Comfortable and well equipped
The Shiver’s dash displays a full set of information, starting with an easy-to-read analogue rev counter, and with a digital screen that displays speed, mileage covered, engaged gear, operating mode, instant and average fuel consumption, time-of-day, as well as engine and outside temperature. All that’s missing is a fuel gauge, though the screen displays the number of kilometres you can still squeeze out of the tank. Controls buttons let you select what you want to display and the starter button is used to select the engine mode once the engine is running.

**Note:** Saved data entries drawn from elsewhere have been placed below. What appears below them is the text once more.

lemma F_antimono:
  assumes "1 \<le> n" and "n \<le> m"
  shows "F m \<subseteq> F n"
  using assms(2)
proof (induction m rule: dec_induct)
  case (step k)
  then show ?case
    using F_Suc_subset [of k] assms(1) by auto
qed simp

lemma gcomm_F:
  assumes "n \<ge> 1" "m \<ge> 1" "x \<in> F n" "y \<in> F m"
  shows "gcomm G x y \<in> F (n + m)"
proof -
  have "generate G {gcomm G x y | x y. x \<in> F n \<and> y \<in> F m} \<subseteq> F (n + m)"
    using filtered_group assms(1,2) unfolding filtered_group_def by blast
  moreover have "gcomm G x y \<in> generate G {gcomm G x y | x y. x \<in> F n \<and> y \<in> F m}"
    using assms(3,4) by (intro generate.incl) blast
  ultimately show ?thesis by blast
qed

lemma gcomm_F_Suc:
  assumes "n \<ge> 1" "g \<in> carrier G" "a \<in> F n"
  shows "gcomm G g a \<in> F (Suc n)"
proof -
  have "g \<in> F 1"
    using assms(2) by (simp only: F_1)
  then show ?thesis
    using gcomm_F [of 1 n g a] assms(1,3) by simp
qed

lemma normal_F: "n \<ge> 1 \<Longrightarrow> F n \<lhd> G"
proof (unfold normal_inv_iff, intro conjI ballI subgroup_F)
  fix g a assume n: "n \<ge> 1" and g: "g \<in> carrier G" and a: "a \<in> F n"
  have "gcomm G g a \<in> F n"
    using gcomm_F_Suc [OF n g a] F_Suc_subset [OF n] by blast
  then show "g \<otimes> a \<otimes> inv g \<in> F n"
    using conj_eq_gcomm_mult [of g a] F_mult [OF n] F_carrier [OF n] g a by simp
qed

lemma rcos_F_mult_cong:
  assumes "k \<ge> 1" and "F k #> a = F k #> b" and "F k #> c = F k #> d"
    and "a \<in> carrier G" "b \<in> carrier G" "c \<in> carrier G" "d \<in> carrier G"
  shows "F k #> (a \<otimes> c) = F k #> (b \<otimes> d)"
  using assms normal.rcos_sum [OF normal_F [OF assms(1)]] by metis

lemma rcos_F_mult_left:
  "k \<ge> 1 \<Longrightarrow> a \<in> F k \<Longrightarrow> x \<in> carrier G \<Longrightarrow> F k #> (a \<otimes> x) = F k #> x"
  by (simp add: coset_mult_assoc [symmetric] F_subset_carrier F_carrier coset_join2 subgroup_F)

lemma rcos_F_mult_right:
  assumes k: "k \<ge> 1" and a: "a \<in> F k" and x: "x \<in> carrier G"
  shows "F k #> (x \<otimes> a) = F k #> x"
proof -
  have "F k #> a = F k #> \<one>"
    using k a by (simp add: coset_join2 subgroup_F F_subset_carrier F_carrier)
  then have "F k #> (x \<otimes> a) = F k #> (x \<otimes> \<one>)"
    using k a x by (intro rcos_F_mult_cong) (auto simp: F_carrier)
  then show ?thesis
    using x by simp
qed

lemma rcos_F_conj:
  assumes "n \<ge> 1" "g \<in> carrier G" "a \<in> F n"
  shows "F (Suc n) #> (g \<otimes> a \<otimes> inv g) = F (Suc n) #> a"
  using assms by (simp add: conj_eq_gcomm_mult gcomm_F_Suc rcos_F_mult_left F_carrier)

lemma rcos_gcomm_mult_left:
  assumes n: "n \<ge> 1" and m: "m \<ge> 1" and a: "a \<in> F (Suc n)" and x: "x \<in> F n" and y: "y \<in> F m"
  shows "F (Suc (n + m)) #> gcomm G (a \<otimes> x) y = F (Suc (n + m)) #> gcomm G x y"
proof -
  have [simp]: "a \<in> carrier G" "x \<in> carrier G" "y \<in> carrier G"
    using F_carrier assms by auto
  have c: "gcomm G x y \<in> F (n + m)"
    using gcomm_F [OF n m x y] .
  have "gcomm G (a \<otimes> x) y = a \<otimes> gcomm G x y \<otimes> inv a \<otimes> gcomm G a y"
    by (simp add: group_word_simps)
  also have "F (Suc (n + m)) #> \<dots> = F (Suc (n + m)) #> (a \<otimes> gcomm G x y \<otimes> inv a)"
    using gcomm_F [of "Suc n" m a y] c n m a y by (intro rcos_F_mult_right) (auto simp: F_carrier)
  also have "\<dots> = F (Suc (n + m)) #> gcomm G x y"
    using c n by (intro rcos_F_conj) auto
  finally show ?thesis .
qed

Bum off the saddle, weight moved forward - entering a corner at ICAR in Mirabel. The bike feels like it was made just for this! But hey, it is also great on the street. (Photo: Philippe Champoux/

The Shiver’s riding position is on the user-friendly side: not leaning forward too much and with your feet in line with your rear. This allows the rider to enjoy the countryside as well as cornering in a more sporting fashion, and helps when the time comes to onload the saddle to better absord the worst bump on the road. The wide, well-shaped and well-padded saddle is almost cushy, and allows the rider to change positions on the fly. The passenger gets the same great treatment, with a comfortable seat, handgrips and low foot pegs.

Always easy to ride – at any pace
The absence of vibrations is surprising, and the Shiver is very easy to get used to and new riders will feel at home from the get-go. The rather low saddle (800 mm) and the intuitive controls make for easy manoeuvering, while the smooth twin-cylinder allows you to ride at low speeds in second and third gear, with smooth (electronic) throttle response making life easier at these slower speeds.

Though the suspensions ensure decent comfort on smooth surfaces, the rather stiff settings and short rear wheel travel do not manage bumpier surfaces as well as one would wish. When you raise your pace on smooth twisty roads, the Shiver leans into corners and changes direction easily.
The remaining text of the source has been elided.